GIVEN ENTRIES:
(* Let $\lambda_0>\lambda_1$ be countable nonzero additively indecomposable ordinals. Then $\lambda_0\le_{sH}\lambda_0+\lambda_1$ and $\lambda_1\le_{sH}\lambda_0+\lambda_1$.
   Context: Ordinals are identified with linear orders $(\eta,<)$; $\lambda_0+\lambda_1$ denotes ordinal addition. A copy of a countable structure is an isomorphic structure with domain $\omega$. Hyper-Medvedev reducibility: for countable structures, $\mathcal{A}\le_{sH}\mathcal{B}$ means there is a single (pair of) index(es) for a $\Delta^1_1$ definition relative to an oracle such that for every copy $B$ of $\mathcal{B}$, the set defined by this $\Delta^1_1(B)$ definition is (the atomic diagram of) a copy of $\mathcal{A}$; i.e. a copy of $\mathcal{A}$ is uniformly $\Delta^1_1$-definable in every copy of $\mathcal{B}$. An ordinal $\lambda>0$ is additively indecomposable if $\beta+\gamma<\lambda$ whenever $\beta,\gamma<\lambda$. *)

theory Defs
  imports Main "HOL-Library.Nat_Bijection"
begin

datatype tm = V nat | Zero | Sc tm | Plus tm tm | Times tm tm

datatype fm =
    Eq tm tm | Less tm tm
  | Mem tm nat          \<comment> \<open>t belongs to set variable k (de Bruijn)\<close>
  | Orc tm
  | Neg fm | Conj fm fm | Disj fm fm
  | ExN fm | AllN fm
  | ExS fm | AllS fm

definition scons :: "'a \<Rightarrow> (nat \<Rightarrow> 'a) \<Rightarrow> nat \<Rightarrow> 'a" where
  "scons x e = (\<lambda>i. case i of 0 \<Rightarrow> x | Suc k \<Rightarrow> e k)"

fun evl :: "(nat \<Rightarrow> nat) \<Rightarrow> tm \<Rightarrow> nat" where
  "evl e (V i) = e i"
| "evl e Zero = 0"
| "evl e (Sc t) = Suc (evl e t)"
| "evl e (Plus s t) = evl e s + evl e t"
| "evl e (Times s t) = evl e s * evl e t"

fun sat :: "nat set \<Rightarrow> (nat \<Rightarrow> nat) \<Rightarrow> (nat \<Rightarrow> nat set) \<Rightarrow> fm \<Rightarrow> bool" where
  "sat B e E (Eq s t) = (evl e s = evl e t)"
| "sat B e E (Less s t) = (evl e s < evl e t)"
| "sat B e E (Mem t k) = (evl e t \<in> E k)"
| "sat B e E (Orc t) = (evl e t \<in> B)"
| "sat B e E (Neg p) = (\<not> sat B e E p)"
| "sat B e E (Conj p q) = (sat B e E p \<and> sat B e E q)"
| "sat B e E (Disj p q) = (sat B e E p \<or> sat B e E q)"
| "sat B e E (ExN p) = (\<exists>m. sat B (scons m e) E p)"
| "sat B e E (AllN p) = (\<forall>m. sat B (scons m e) E p)"
| "sat B e E (ExS p) = (\<exists>X. sat B e (scons X E) p)"
| "sat B e E (AllS p) = (\<forall>X. sat B e (scons X E) p)"

fun arith :: "fm \<Rightarrow> bool" where
  "arith (Neg p) = arith p"
| "arith (Conj p q) = (arith p \<and> arith q)"
| "arith (Disj p q) = (arith p \<and> arith q)"
| "arith (ExN p) = arith p"
| "arith (AllN p) = arith p"
| "arith (ExS p) = False"
| "arith (AllS p) = False"
| "arith _ = True"

definition sigma11 :: "fm \<Rightarrow> bool" where
  "sigma11 p \<longleftrightarrow> (\<exists>q. p = ExS q \<and> arith q)"

definition pi11 :: "fm \<Rightarrow> bool" where
  "pi11 p \<longleftrightarrow> (\<exists>q. p = AllS q \<and> arith q)"

definition dset :: "nat set \<Rightarrow> fm \<Rightarrow> nat set" where
  "dset B p = {n. sat B (scons n (\<lambda>_. 0)) (\<lambda>_. {}) p}"

text \<open>A linear order is given by its reflexive order relation (as Well_order in Main).\<close>

definition iso_rel :: "('a \<times> 'a) set \<Rightarrow> ('b \<times> 'b) set \<Rightarrow> bool" where
  "iso_rel S r \<longleftrightarrow> (\<exists>f. bij_betw f (Field S) (Field r) \<and>
     (\<forall>i\<in>Field S. \<forall>j\<in>Field S. (i, j) \<in> S \<longleftrightarrow> (f i, f j) \<in> r))"

definition copy_of :: "(nat \<times> nat) set \<Rightarrow> ('a \<times> 'a) set \<Rightarrow> bool" where
  "copy_of S r \<longleftrightarrow> (Field S = UNIV \<or> (\<exists>n. Field S = {..<n})) \<and> iso_rel S r"

definition diag :: "(nat \<times> nat) set \<Rightarrow> nat set" where
  "diag S = prod_encode ` S"

definition sH_le :: "('a \<times> 'a) set \<Rightarrow> ('b \<times> 'b) set \<Rightarrow> bool" where
  "sH_le A B \<longleftrightarrow> (\<exists>p q. sigma11 p \<and> pi11 q \<and>
     (\<forall>S. copy_of S B \<longrightarrow>
        dset (diag S) p = dset (diag S) q \<and>
        copy_of (prod_decode ` dset (diag S) p) A))"

definition osum :: "('a \<times> 'a) set \<Rightarrow> ('b \<times> 'b) set \<Rightarrow> (('a + 'b) \<times> ('a + 'b)) set" where
  "osum r s = {(Inl a, Inl b) | a b. (a, b) \<in> r} \<union> {(Inr a, Inr b) | a b. (a, b) \<in> s}
     \<union> {(Inl a, Inr b) | a b. a \<in> Field r \<and> b \<in> Field s}"

text \<open>Countable ordinals are represented by well-orders on (subsets of) nat.\<close>
definition add_indecomp :: "(nat \<times> nat) set \<Rightarrow> bool" where
  "add_indecomp l \<longleftrightarrow> Well_order l \<and> l \<noteq> {} \<and>
     (\<forall>b g :: (nat \<times> nat) set. Well_order b \<longrightarrow> Well_order g \<longrightarrow>
        (b, l) \<in> ordLess \<longrightarrow> (g, l) \<in> ordLess \<longrightarrow> (osum b g :: ((nat + nat) \<times> (nat + nat)) set, l) \<in> ordLess)"

end

theory Submission
  imports Defs "HOL-Library.Infinite_Set"
begin

(* A copy S of \<lambda>\<^sub>0 + \<lambda>\<^sub>1 splits into its \<lambda>\<^sub>0-part A and its \<lambda>\<^sub>1-part B, and both parts are
   \<Sigma>\<^sup>1\<^sub>1 in S. Since \<lambda>\<^sub>0 is additively indecomposable, the strict initial segment below an element
   of A is shorter than its final segment, whereas for an element of B the final segment lies in
   B and is shorter than \<lambda>\<^sub>0, hence than the initial segment, which contains A. Comparisons of
   well-orders are witnessed by strictly increasing maps, so one existentially quantified set can
   code A together with these maps, and every such witness codes exactly A. Since
   \<lambda>\<^sub>1 + \<lambda>\<^sub>0 = \<lambda>\<^sub>0, moving B in front of A gives a copy of \<lambda>\<^sub>0; listing B in increasing
   order of the natural numbers gives a copy of \<lambda>\<^sub>1 (a finite \<lambda>\<^sub>1 has a fixed copy). As the
   defined relation does not depend on the witness, the \<Sigma>\<^sup>1\<^sub>1 definition agrees with its \<Pi>\<^sup>1\<^sub>1 dual
   "for every witness". *)

unbundle cardinal_syntax

section \<open>Well-orders and strictly increasing maps\<close>

lemma Well_order_refl_iff: "Well_order r \<Longrightarrow> (x, x) \<in> r \<longleftrightarrow> x \<in> Field r"
  using wo_rel.REFL[unfolded wo_rel_def] by (auto simp: refl_on_def intro: FieldI1)

lemma above_Field: "above r a \<subseteq> Field r"
  by (auto simp: above_def Field_def)

lemma Field_Restr_Well_order: "Well_order r \<Longrightarrow> Field (Restr r X) = Field r \<inter> X"
  by (simp add: Refl_Field_Restr wo_rel.REFL wo_rel_def)

definition strict_mono_rel :: "'a rel \<Rightarrow> 'b rel \<Rightarrow> ('a \<Rightarrow> 'b) \<Rightarrow> bool" where
  "strict_mono_rel r r' f \<longleftrightarrow>
     (\<forall>a\<in>Field r. f a \<in> Field r') \<and> (\<forall>a b. (a, b) \<in> r - Id \<longrightarrow> (f a, f b) \<in> r' - Id)"

lemma strict_mono_rel_comp:
  "strict_mono_rel r r' f \<Longrightarrow> strict_mono_rel r' r'' g \<Longrightarrow> strict_mono_rel r r'' (g \<circ> f)"
  unfolding strict_mono_rel_def by auto

lemma strict_mono_rel_id: "r \<subseteq> r' \<Longrightarrow> strict_mono_rel r r' id"
  unfolding strict_mono_rel_def Field_def by auto

lemma iso_imp_strict_mono_rel: "iso r r' f \<Longrightarrow> strict_mono_rel r r' f"
  unfolding strict_mono_rel_def iso_iff2 bij_betw_def inj_on_def
  by (auto; meson FieldI1 FieldI2)

lemma strict_mono_rel_inflationary:
  assumes r: "Well_order r" and f: "strict_mono_rel r r f"
  shows "a \<in> Field r \<Longrightarrow> (a, f a) \<in> r"
proof (induction a rule: wf_induct_rule[OF wo_rel.WF[unfolded wo_rel_def, OF r]])
  case (1 a)
  show ?case
  proof (rule ccontr)
    assume "(a, f a) \<notin> r"
    moreover have fa: "f a \<in> Field r" using f "1.prems" unfolding strict_mono_rel_def by blast
    ultimately have "(f a, a) \<in> r - Id"
      using Linear_order_in_diff_Id[OF wo_rel.LIN[unfolded wo_rel_def, OF r] "1.prems" fa] by blast
    then have "(f (f a), f a) \<in> r - Id" and "(f a, f (f a)) \<in> r"
      using f 1 fa unfolding strict_mono_rel_def by blast+
    then show False using wo_rel.ANTISYM[unfolded wo_rel_def, OF r] by (auto dest: antisymD)
  qed
qed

WHAT IS BEING ASKED:
From the records above, print exactly the lines that run from the line with "Field r \<Longrightarrow>" to the line with "using f 1 fa", inclusive.

RESULT OF THIS TASK:
  shows "a \<in> Field r \<Longrightarrow> (a, f a) \<in> r"
proof (induction a rule: wf_induct_rule[OF wo_rel.WF[unfolded wo_rel_def, OF r]])
  case (1 a)
  show ?case
  proof (rule ccontr)
    assume "(a, f a) \<notin> r"
    moreover have fa: "f a \<in> Field r" using f "1.prems" unfolding strict_mono_rel_def by blast
    ultimately have "(f a, a) \<in> r - Id"
      using Linear_order_in_diff_Id[OF wo_rel.LIN[unfolded wo_rel_def, OF r] "1.prems" fa] by blast
    then have "(f (f a), f a) \<in> r - Id" and "(f a, f (f a)) \<in> r"
      using f 1 fa unfolding strict_mono_rel_def by blast+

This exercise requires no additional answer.